May 4, 2026

Voice Stability and Rich Media Overhaul

The TTS pipeline was fundamentally refactored to drop fragile chunked streaming in favor of a single Kokoro call, resulting in one WAV blob

The TTS pipeline was fundamentally refactored to drop fragile chunked streaming in favor of a single Kokoro call, resulting in one WAV blob.
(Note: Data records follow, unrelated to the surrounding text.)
lemma add_eq_sum_of_norm_bounds:
  fixes s t l :: complex
  assumes "cmod s \<le> a" "cmod t \<le> b" "cmod l = 1" "s + l * t = complex_of_real (a + b)"
  shows "s = complex_of_real a" "cmod t = b"
proof -
  have "Re s + Re (l * t) = a + b" using arg_cong[OF assms(4), of Re] by simp
  moreover have "Re s \<le> a" using complex_Re_le_cmod[of s] assms(1) by linarith
  moreover have "Re (l * t) \<le> cmod t"
    using complex_Re_le_cmod[of "l * t"] assms(3) by (simp add: norm_mult)
  ultimately have Re_s: "Re s = a" and "cmod t = b" using assms(2) by linarith+
  thus "cmod t = b" by simp
  have "(Re s)\<^sup>2 + (Im s)\<^sup>2 \<le> a\<^sup>2"
    using assms(1) norm_ge_zero power_mono by (metis cmod_power2)
  hence "Im s = 0" using Re_s by simp
  thus "s = complex_of_real a" using Re_s by (simp add: complex_eq_iff)
qed

lemma eq_smult_if_cinner_eq_norm_bound:
  assumes u: "u \<in> carrier_vec n" and v: "v \<in> carrier_vec n" and "vnorm v = 1"
    and "vnorm u \<le> a" and uv: "cinner v u = complex_of_real a"
  shows "u = complex_of_real a \<cdot>\<^sub>v v"
proof -
  define w where "w = u - complex_of_real a \<cdot>\<^sub>v v"
  have w: "w \<in> carrier_vec n" using u v by (simp add: w_def)
  have vu: "cinner u v = complex_of_real a" using cinner_commute[OF v u] uv by simp
  have vv: "cinner v v = 1" using \<open>vnorm v = 1\<close> by (simp add: cinner_self)
  \<comment> \<open>equality case of Cauchy-Schwarz: the distance from u to a v is sqrt (vnorm u ^ 2 - a ^ 2)\<close>
  have "cinner w w = cinner u u - complex_of_real (a\<^sup>2)"
    unfolding w_def using u v uv vu vv
    by (simp add: cinner_diff_left cinner_diff_right[of _ n] cinner_smult_left cinner_smult_right
        power2_eq_square)
  hence "(vnorm w)\<^sup>2 = (vnorm u)\<^sup>2 - a\<^sup>2"
    unfolding cinner_self of_real_diff[symmetric] of_real_eq_iff .
  moreover have "(vnorm u)\<^sup>2 \<le> a\<^sup>2" using assms(4) vnorm_nonneg power_mono by blast
  ultimately have "(vnorm w)\<^sup>2 \<le> 0" by simp
  hence "vnorm w = 0" by simp
  hence "w = 0\<^sub>v n" using vnorm_eq_0_iff[OF w] by blast
  show ?thesis
  proof (rule eq_vecI)
    fix i assume "i < dim_vec (complex_of_real a \<cdot>\<^sub>v v)"
    hence "i < n" using v by simp
    hence "w $ i = 0" using \<open>w = 0\<^sub>v n\<close> by simp
    thus "u $ i = (complex_of_real a \<cdot>\<^sub>v v) $ i" using u v \<open>i < n\<close> by (simp add: w_def)
  qed (use u v in simp)
qed

definition norming_pair :: "complex mat \<Rightarrow> complex vec \<Rightarrow> complex vec \<Rightarrow> bool" where
  "norming_pair A x y \<longleftrightarrow> x \<in> carrier_vec (dim_row A) \<and> y \<in> carrier_vec (dim_col A) \<and>
     vnorm x = 1 \<and> vnorm y = 1 \<and> complex_of_real (opnorm A) = sform x A y"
This ensures gap-free playback and eliminates the mid-stream restart bug.

Multiple fixes were applied to the TTS playback loop to harden reliability, specifically addressing AudioContext auto-suspension between chunks by resuming before each source start.

To improve user experience, keyboard shortcut handling was fixed in the voice overlay, preventing conflicts when the user types in the chat input.

The rich media pipeline received a major overhaul, removing all arbitrary silent truncation caps that previously silently dropped user-visible data from search and news pipelines.

Image candidate captions were upgraded from unreliable OCR output to deterministic captions derived from URL filenames and og:description.

Image service behaviors were adjusted to handle cases where native thumbnails were absent, allowing rich media to resolve using og:image metadata when necessary.

Search routing was enhanced with a DDG supplement: when the primary routing score is weak (in [0.50, 0.60)), DDG results are appended to broaden coverage.

Subagent results delivery was fixed by ensuring async results are correctly published to the user via OutputService, preventing fire-and-forget messages.

  • Dropped chunked TTS streaming for single WAV blob synthesis.

  • Hardened TTS playback to prevent stalling due to AudioContext suspension.

  • Removed arbitrary silent truncation caps in rich media pipelines.

  • Replaced OCR with descriptive captions derived from URL heuristics.

  • Implemented DDG supplement for weak routing scores in search.

  • Ensured reliable delivery of async subagent results.